Ekrixanthera hispaniolae

Scientific classification
- Kingdom: Plantae
- Clade: Tracheophytes
- Clade: Angiosperms
- Clade: Eudicots
- Clade: Rosids
- Order: Rosales
- Family: Urticaceae
- Genus: †Ekrixanthera
- Species: †E. hispaniolae
- Binomial name: †Ekrixanthera hispaniolae Poinar, Kevan & Jackes (2021), nom. inval.

= Ekrixanthera hispaniolae =

- Authority: Poinar, Kevan & Jackes (2021), nom. inval.

Extinct species of flowering plant

Ekrixanthera hispaniolae is a species of extinct plant first described from fossilised flowers from Dominican amber. It has staminate flowers on short pedicels that are pentamerous, with a pilose pistillode, plus heteromorphic pilose tepals. Differentiating it from Ekrixanthera ehecatli are the presence or absence of a pedicel, the heterotrophic tepals, and the presence or absence of pilosity of its pistillode and tepals.
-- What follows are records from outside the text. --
(* Let $p$ be a prime, $\Phi:\mathbb{N}\to\mathbb{N}$ strictly increasing, and $f\in\mathcal{F}(\Phi)$. Let $h,n_0,u$ be nonnegative integers with $u<p^{1+\Phi(n_0)}$ and $f(u)\equiv 0\pmod{p^{1+h+n_0}}$. Suppose there is a sequence $(S(n))_{n\ge n_0}$ of sets of integers with $S(n)\subset\big(0,p^{\Phi(n+1)-\Phi(n)}\big)$ and $\operatorname{Card} S(n)=p-1$, such that for all nonnegative integers $n,m$ with $n\ge n_0$, $m<p^{1+\Phi(n)}$ and $m\equiv u\pmod{p^{1+\Phi(n_0)}}$, \[ \big\{\, b(\Phi,f;m+ip^{1+\Phi(n)}) \bmod p^{h+1} \;:\; i\in S(n)\,\big\} = \big\{\, ip^h \bmod p^{h+1} \;:\; i=1,2,\dots,p-1\,\big\}. \] Then there exists $\xi\in\mathbb{Z}_p$ such that (a) $f(\xi)=0$, (b) $\xi\equiv u\pmod{p^{1+\Phi(n_0)}}$, and (c) $\rho(\xi;n+1)\in\{0\}\cup S(n)$ for every $n\ge n_0$. If moreover $b(\Phi,f;m)\equiv 0\pmod{p^h}$ for every integer $m\ge p^{1+\Phi(n_0)}$ with $m\equiv u\pmod{p^{1+\Phi(n_0)}}$, then the $\xi\in\mathbb{Z}_p$ satisfying (a), (b), (c) is unique.
   Context: $\mathbb{N}=\{0,1,2,\dots\}$. $v_p$, $|\cdot|_p$ are the $p$-adic valuation and absolute value ($v_p(p)=1$, $|p|_p=p^{-1}$). Each $x\in\mathbb{Z}_p$ is written $x=\sum_{i\ge0}x_ip^i$ with digits $x_i\in\{0,\dots,p-1\}$; for a nonnegative integer $m$, $m_i$ are its base-$p$ digits. Set $\Phi(-1):=-1$. $\tau(m)=\tau(\Phi;m):=\min\{h\in\mathbb{N}: m<p^{1+\Phi(h)}\}$. For $m\ge p^{1+\Phi(0)}$, $M(m):=\sum_{i=\Phi(\tau(m)-1)+1}^{\Phi(\tau(m))} m_ip^i$. $B(\Phi,f;m):=f(m)$ if $m<p^{1+\Phi(0)}$ and $B(\Phi,f;m):=f(m)-f(m-M(m))$ otherwise. $\mathcal{F}(\Phi)$ is the class of continuous $f:\mathbb{Z}_p\to\mathbb{Z}_p$ such that for every positive integer $n$ and all $x,y\in\mathbb{Z}_p$: if $|x-y|_p\le p^{-1-\Phi(n-1)}$ then $|f(x)-f(y)|_p\le p^{-n}$. For $f\in\mathcal{F}(\Phi)$ one has $v_p(B(\Phi,f;m))\ge\tau(m)$, and one sets $b(\Phi,f;m):=p^{-\tau(m)}B(\Phi,f;m)\in\mathbb{Z}_p$. For $x\in\mathbb{Z}_p$ and $j\in\mathbb{N}$, $\rho(x;j):=p^{-1-\Phi(j-1)}\sum_{i=1+\Phi(j-1)}^{\Phi(j)}x_ip^i$ (a nonnegative integer). *)

theory Defs
  imports "HOL-Computational_Algebra.Primes"
begin

text \<open>p-adic integers, represented as compatible sequences of residues:
  x k is the residue of x modulo p^k, in [0, p^k).\<close>

definition zp :: "nat \<Rightarrow> (nat \<Rightarrow> int) set" where
  "zp p = {x. \<forall>k. 0 \<le> x k \<and> x k < int p ^ k \<and> x (Suc k) mod int p ^ k = x k}"

definition zp_of_int :: "nat \<Rightarrow> int \<Rightarrow> (nat \<Rightarrow> int)" where
  "zp_of_int p m = (\<lambda>k. m mod int p ^ k)"

definition zp_zero :: "nat \<Rightarrow> int" where
  "zp_zero = (\<lambda>k. 0)"

definition zp_sub :: "nat \<Rightarrow> (nat \<Rightarrow> int) \<Rightarrow> (nat \<Rightarrow> int) \<Rightarrow> (nat \<Rightarrow> int)" where
  "zp_sub p x y = (\<lambda>k. (x k - y k) mod int p ^ k)"

text \<open>Division by p^t (exact when v_p(x) \<ge> t).\<close>
definition zp_shift :: "nat \<Rightarrow> nat \<Rightarrow> (nat \<Rightarrow> int) \<Rightarrow> (nat \<Rightarrow> int)" where
  "zp_shift p t x = (\<lambda>k. x (k + t) div int p ^ t)"

definition zp_digit :: "nat \<Rightarrow> (nat \<Rightarrow> int) \<Rightarrow> nat \<Rightarrow> nat" where
  "zp_digit p x i = nat (x (Suc i) div int p ^ i)"

definition nat_digit :: "nat \<Rightarrow> nat \<Rightarrow> nat \<Rightarrow> nat" where
  "nat_digit p m i = m div p ^ i mod p"

text \<open>Continuity of f : Z_p \<rightarrow> Z_p in the p-adic topology
  (|x-y|_p \<le> p^{-l} iff x l = y l).\<close>
definition zp_continuous :: "nat \<Rightarrow> ((nat \<Rightarrow> int) \<Rightarrow> (nat \<Rightarrow> int)) \<Rightarrow> bool" where
  "zp_continuous p f \<longleftrightarrow>
     (\<forall>x\<in>zp p. \<forall>k. \<exists>l. \<forall>y\<in>zp p. x l = y l \<longrightarrow> f x k = f y k)"

definition classF :: "nat \<Rightarrow> (nat \<Rightarrow> nat) \<Rightarrow> ((nat \<Rightarrow> int) \<Rightarrow> (nat \<Rightarrow> int)) \<Rightarrow> bool" where
  "classF p \<Phi> f \<longleftrightarrow> (\<forall>x\<in>zp p. f x \<in> zp p) \<and> zp_continuous p f \<and>
     (\<forall>n>0. \<forall>x\<in>zp p. \<forall>y\<in>zp p.
        x (1 + \<Phi> (n - 1)) = y (1 + \<Phi> (n - 1)) \<longrightarrow> f x n = f y n)"

definition tau :: "nat \<Rightarrow> (nat \<Rightarrow> nat) \<Rightarrow> nat \<Rightarrow> nat" where
  "tau p \<Phi> m = (LEAST h. m < p ^ (1 + \<Phi> h))"

text \<open>M(m), used only for m \<ge> p^(1+Phi 0), where tau m \<ge> 1.\<close>
definition Mfun :: "nat \<Rightarrow> (nat \<Rightarrow> nat) \<Rightarrow> nat \<Rightarrow> nat" where
  "Mfun p \<Phi> m = (\<Sum>i\<in>{\<Phi> (tau p \<Phi> m - 1) + 1 .. \<Phi> (tau p \<Phi> m)}. nat_digit p m i * p ^ i)"

definition Bfun :: "nat \<Rightarrow> (nat \<Rightarrow> nat) \<Rightarrow> ((nat \<Rightarrow> int) \<Rightarrow> (nat \<Rightarrow> int)) \<Rightarrow> nat \<Rightarrow> (nat \<Rightarrow> int)" where
  "Bfun p \<Phi> f m =
     (if m < p ^ (1 + \<Phi> 0) then f (zp_of_int p (int m))
      else zp_sub p (f (zp_of_int p (int m))) (f (zp_of_int p (int (m - Mfun p \<Phi> m)))))"

definition bfun :: "nat \<Rightarrow> (nat \<Rightarrow> nat) \<Rightarrow> ((nat \<Rightarrow> int) \<Rightarrow> (nat \<Rightarrow> int)) \<Rightarrow> nat \<Rightarrow> (nat \<Rightarrow> int)" where
  "bfun p \<Phi> f m = zp_shift p (tau p \<Phi> m) (Bfun p \<Phi> f m)"

text \<open>rho(x;j), with the convention Phi(-1) = -1.\<close>
definition rho :: "nat \<Rightarrow> (nat \<Rightarrow> nat) \<Rightarrow> (nat \<Rightarrow> int) \<Rightarrow> nat \<Rightarrow> nat" where
  "rho p \<Phi> x j =
     (let lo = (if j = 0 then 0 else 1 + \<Phi> (j - 1))
      in (\<Sum>i\<in>{lo .. \<Phi> j}. zp_digit p x i * p ^ i) div p ^ lo)"

end

theory Submission
  imports Defs
begin

text \<open>Write \<open>q\<^sub>n = p^(1+\<Phi> n)\<close>. Suppose \<open>x < q\<^sub>n\<close>, \<open>x \<equiv> u\<close>, is a root of \<open>f\<close> modulo
  \<open>p^(h+n+1)\<close>, and let \<open>d\<close> be the next p-adic digit of \<open>f(x)\<close>. For \<open>i \<in> S(n)\<close> the block
  \<open>x + i q\<^sub>n\<close> has \<open>\<tau> = n+1\<close> and \<open>M = i q\<^sub>n\<close>, so \<open>f(x + i q\<^sub>n) \<equiv> f(x) + p^(n+1) b(x + i q\<^sub>n)\<close>,
  and \<open>x + i q\<^sub>n\<close> is a root modulo \<open>p^(h+n+2)\<close> iff \<open>b(x + i q\<^sub>n) \<equiv> (p - d) p^h\<close>. Since
  \<open>i \<mapsto> b(x + i q\<^sub>n) mod p^(h+1)\<close> is a bijection from \<open>S(n)\<close> onto the nonzero multiples of \<open>p^h\<close>,
  exactly one \<open>i \<in> {0} \<union> S(n)\<close> lifts the root (namely \<open>i = 0\<close> iff \<open>d = 0\<close>). Iterating from \<open>u\<close>
  yields a coherent sequence of approximations, i.e. a root \<open>\<xi>\<close>.

  If moreover \<open>b(m) \<equiv> 0 (mod p^h)\<close>, each block step leaves \<open>f\<close> unchanged modulo \<open>p^(h+n+1)\<close>, so
  the truncations of every root with properties (a)--(c) are again such approximate roots; the
  uniqueness of each lift then forces any two of them to agree.\<close>

lemma zp_nonneg: "x \<in> zp p \<Longrightarrow> 0 \<le> x k"
  and zp_less: "x \<in> zp p \<Longrightarrow> x k < int p ^ k"
  unfolding zp_def by auto

lemma zp_mod_power:
  assumes "x \<in> zp p" "k \<le> K"
  shows "x K mod int p ^ k = x k"
  using assms(2)
proof (induction K rule: dec_induct)
  case base
  then show ?case using zp_nonneg[OF assms(1)] zp_less[OF assms(1)] by simp
next
  case (step K)
  have "x (Suc K) mod int p ^ K = x K" using assms(1) unfolding zp_def by auto
  moreover have "int p ^ k dvd int p ^ K" using step(1) by (simp add: le_imp_power_dvd)
  ultimately show ?case using step(3) by (metis mod_mod_cancel)
qed

lemma zp_eq_zero_below: "x \<in> zp p \<Longrightarrow> x K = 0 \<Longrightarrow> k \<le> K \<Longrightarrow> x k = 0"
  using zp_mod_power by fastforce

lemma zp_eqI:
  assumes "x \<in> zp p" "y \<in> zp p" "\<And>k. k \<le> e k" "\<And>k. x (e k) = y (e k)"
  shows "x = y"
proof
  fix k
  show "x k = y k"
    using zp_mod_power[OF assms(1) assms(3)] zp_mod_power[OF assms(2) assms(3)] assms(4) by metis
qed

lemma zp_of_int_in_zp: "p > 0 \<Longrightarrow> zp_of_int p m \<in> zp p"
  unfolding zp_def zp_of_int_def by (auto simp: mod_mod_cancel le_imp_power_dvd)

lemma zp_of_int_nat: "zp_of_int p (int m) k = int (m mod p ^ k)"
  unfolding zp_of_int_def by (simp add: of_nat_mod)

lemma zp_limit_exists:
  fixes a e :: "nat \<Rightarrow> nat"
  assumes "p > 0" "mono e" "\<And>k. k \<le> e k"
    and "\<And>k. a k < p ^ e k" "\<And>k. a (Suc k) mod p ^ e k = a k"
  shows "\<exists>\<xi>\<in>zp p. \<forall>k. \<xi> (e k) = int (a k)"
proof -
  have coh: "a k' mod p ^ e k = a k" if "k \<le> k'" for k k'
    using that
  proof (induction k' rule: dec_induct)
    case base then show ?case using assms(4) by simp
  next
    case (step k')
    have "p ^ e k dvd p ^ e k'" using \<open>mono e\<close> step(1) by (simp add: le_imp_power_dvd monoD)
    then show ?case using assms(5)[of k'] step(3) by (metis mod_mod_cancel)
  qed
  define \<xi> where "\<xi> k = int (a k mod p ^ k)" for k
  have "\<xi> \<in> zp p"
    unfolding zp_def
  proof (intro CollectI allI conjI)
    fix k
    show "0 \<le> \<xi> k" "\<xi> k < int p ^ k"
      unfolding \<xi>_def using \<open>p > 0\<close> by (simp_all flip: of_nat_power)
    have "a (Suc k) mod p ^ Suc k mod p ^ k = a (Suc k) mod p ^ e k mod p ^ k"
      using assms(3)[of k] by (simp add: mod_mod_cancel le_imp_power_dvd)
    then show "\<xi> (Suc k) mod int p ^ k = \<xi> k"
      unfolding \<xi>_def using assms(5)[of k] by (simp flip: of_nat_power of_nat_mod)
  qed
  moreover have "\<xi> (e k) = int (a k)" for k
    unfolding \<xi>_def using coh[OF assms(3)] by simp
  ultimately show ?thesis by blast
qed

lemma zp_digit_sum:
  assumes "x \<in> zp p" "p > 0" "a \<le> c"
  shows "int (\<Sum>i\<in>{a..<c}. zp_digit p x i * p ^ i) = x c - x a"
  using assms(3)
proof (induction c rule: dec_induct)
  case base then show ?case by simp
next
  case (step c)
  have "x (Suc c) mod int p ^ c = x c" using zp_mod_power[OF assms(1)] by simp
  moreover have "x (Suc c) div int p ^ c \<ge> 0"
    using zp_nonneg[OF assms(1)] assms(2) by (simp add: pos_imp_zdiv_nonneg_iff)
  ultimately have "int (zp_digit p x c) * int p ^ c = x (Suc c) - x c"
    unfolding zp_digit_def by (metis minus_mod_eq_mult_div mult.commute nat_0_le)
  then show ?case using step by simp
qed

lemma zp_nat_less: "x \<in> zp p \<Longrightarrow> nat (x k) < p ^ k"
  using zp_less[of x p k] zp_nonneg[of x p k] by (simp add: nat_less_iff flip: of_nat_power)

lemma rho_Suc:
  assumes "x \<in> zp p" "p > 0" "strict_mono \<Phi>"
  shows "nat (x (1 + \<Phi> (Suc n))) = nat (x (1 + \<Phi> n)) + rho p \<Phi> x (Suc n) * p ^ (1 + \<Phi> n)"
proof -
  let ?a = "1 + \<Phi> n" and ?c = "1 + \<Phi> (Suc n)"
  have ac: "?a \<le> ?c" using assms(3) by (simp add: strict_mono_less_eq)
  define s where "s = (\<Sum>i\<in>{?a..<?c}. zp_digit p x i * p ^ i)"
  have s: "int s = x ?c - x ?a" unfolding s_def using zp_digit_sum[OF assms(1,2) ac] .
  have "int p ^ ?a dvd x ?c - x ?a"
    using zp_mod_power[OF assms(1) ac] by (metis mod_eq_dvd_iff mod_mod_trivial)
  then have "p ^ ?a dvd s" using s by (metis int_dvd_int_iff of_nat_power)
  moreover have "rho p \<Phi> x (Suc n) = s div p ^ ?a"
    unfolding rho_def s_def Let_def by (simp add: atLeastLessThanSuc_atLeastAtMost)
  ultimately have "rho p \<Phi> x (Suc n) * p ^ ?a = s" by simp
  then show ?thesis using s zp_nonneg[OF assms(1), of ?a] by linarith
qed

lemma classF_in_zp: "classF p \<Phi> f \<Longrightarrow> x \<in> zp p \<Longrightarrow> f x \<in> zp p"
  unfolding classF_def by auto

lemma classF_cong:
  assumes "classF p \<Phi> f" "x \<in> zp p" "y \<in> zp p" "x (1 + \<Phi> n) = y (1 + \<Phi> n)"
  shows "f x (Suc n) = f y (Suc n)"
  using assms unfolding classF_def by (metis diff_Suc_1 zero_less_Suc)

lemma classF_truncate:
  assumes "classF p \<Phi> f" "p > 0" "x \<in> zp p"
  shows "f x (Suc n) = f (zp_of_int p (x (1 + \<Phi> n))) (Suc n)"
proof (rule classF_cong[OF assms(1,3)])
  show "zp_of_int p (x (1 + \<Phi> n)) \<in> zp p" using assms(2) by (rule zp_of_int_in_zp)
  show "x (1 + \<Phi> n) = zp_of_int p (x (1 + \<Phi> n)) (1 + \<Phi> n)"
    unfolding zp_of_int_def using zp_nonneg[OF assms(3), of "1 + \<Phi> n"] zp_less[OF assms(3), of "1 + \<Phi> n"] by simp
qed

lemma nat_digit_sum:
  assumes "a \<le> c"
  shows "(\<Sum>i\<in>{a..<c}. nat_digit p m i * p ^ i) + m mod p ^ a = m mod p ^ c"
  using assms
proof (induction c rule: dec_induct)
  case base then show ?case by simp
next
  case (step c)
  have "m mod p ^ Suc c = p ^ c * (m div p ^ c mod p) + m mod p ^ c"
    by (metis mod_mult2_eq power_Suc2)
  then show ?case using step by (simp add: nat_digit_def algebra_simps)
qed

lemma block_decomposition:
  fixes \<Phi> :: "nat \<Rightarrow> nat"
  assumes "p > 1" "strict_mono \<Phi>"
    and x: "x < p ^ (1 + \<Phi> n)" and i: "0 < i" "i < p ^ (\<Phi> (Suc n) - \<Phi> n)"
    and m: "m = x + i * p ^ (1 + \<Phi> n)"
  shows "tau p \<Phi> m = Suc n" "m - Mfun p \<Phi> m = x"
    "p ^ (1 + \<Phi> n) \<le> m" "m < p ^ (1 + \<Phi> (Suc n))"
proof -
  let ?q = "p ^ (1 + \<Phi> n)"
  have lt: "\<Phi> n < \<Phi> (Suc n)" using \<open>strict_mono \<Phi>\<close> by (simp add: strict_mono_def)
  show ge: "?q \<le> m" using m i(1) by (simp add: trans_le_add2)
  have "m < ?q * (1 + i)" using m x by (simp add: algebra_simps)
  also have "\<dots> \<le> ?q * p ^ (\<Phi> (Suc n) - \<Phi> n)" using i(2) by (intro mult_le_mono2) simp
  also have "\<dots> = p ^ (1 + \<Phi> (Suc n))" using lt by (simp flip: power_add)
  finally show lt2: "m < p ^ (1 + \<Phi> (Suc n))" .
  show tau: "tau p \<Phi> m = Suc n" unfolding tau_def
  proof (rule Least_equality)
    fix y assume "m < p ^ (1 + \<Phi> y)"
    then have "\<not> p ^ (1 + \<Phi> y) \<le> ?q" using ge by linarith
    then show "Suc n \<le> y" using assms(1,2) by (simp add: strict_mono_less_eq)
  qed (rule lt2)
  have "{\<Phi> n + 1..\<Phi> (Suc n)} = {1 + \<Phi> n..<1 + \<Phi> (Suc n)}" by auto
  then have "Mfun p \<Phi> m + m mod ?q = m mod p ^ (1 + \<Phi> (Suc n))"
    unfolding Mfun_def tau using nat_digit_sum[of "1 + \<Phi> n" "1 + \<Phi> (Suc n)" p m] lt by simp
  also have "\<dots> = m" using lt2 by simp
  finally have "Mfun p \<Phi> m + m mod ?q = m" .
  moreover have "m mod ?q = x" using m x by simp
  ultimately show "m - Mfun p \<Phi> m = x" by (metis add_diff_cancel_left')
qed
Additionally, the latter characters added to the pentamerous flowers separate the two fossil species from extant genera. Its floral structures indicate an explosive manner of pollen release as well as anemophily. Lepidopterans feeding on this species is suspected during the mid-Tertiary.

The name first appeared in a publication in 2016, but was not validly published under the International Code of Nomenclature for algae, fungi, and plants. A correction was published online in 2021. As of April 2024, the correction was not accepted by the International Fossil Plant Names Index, as the publication of the genus name gave two type species.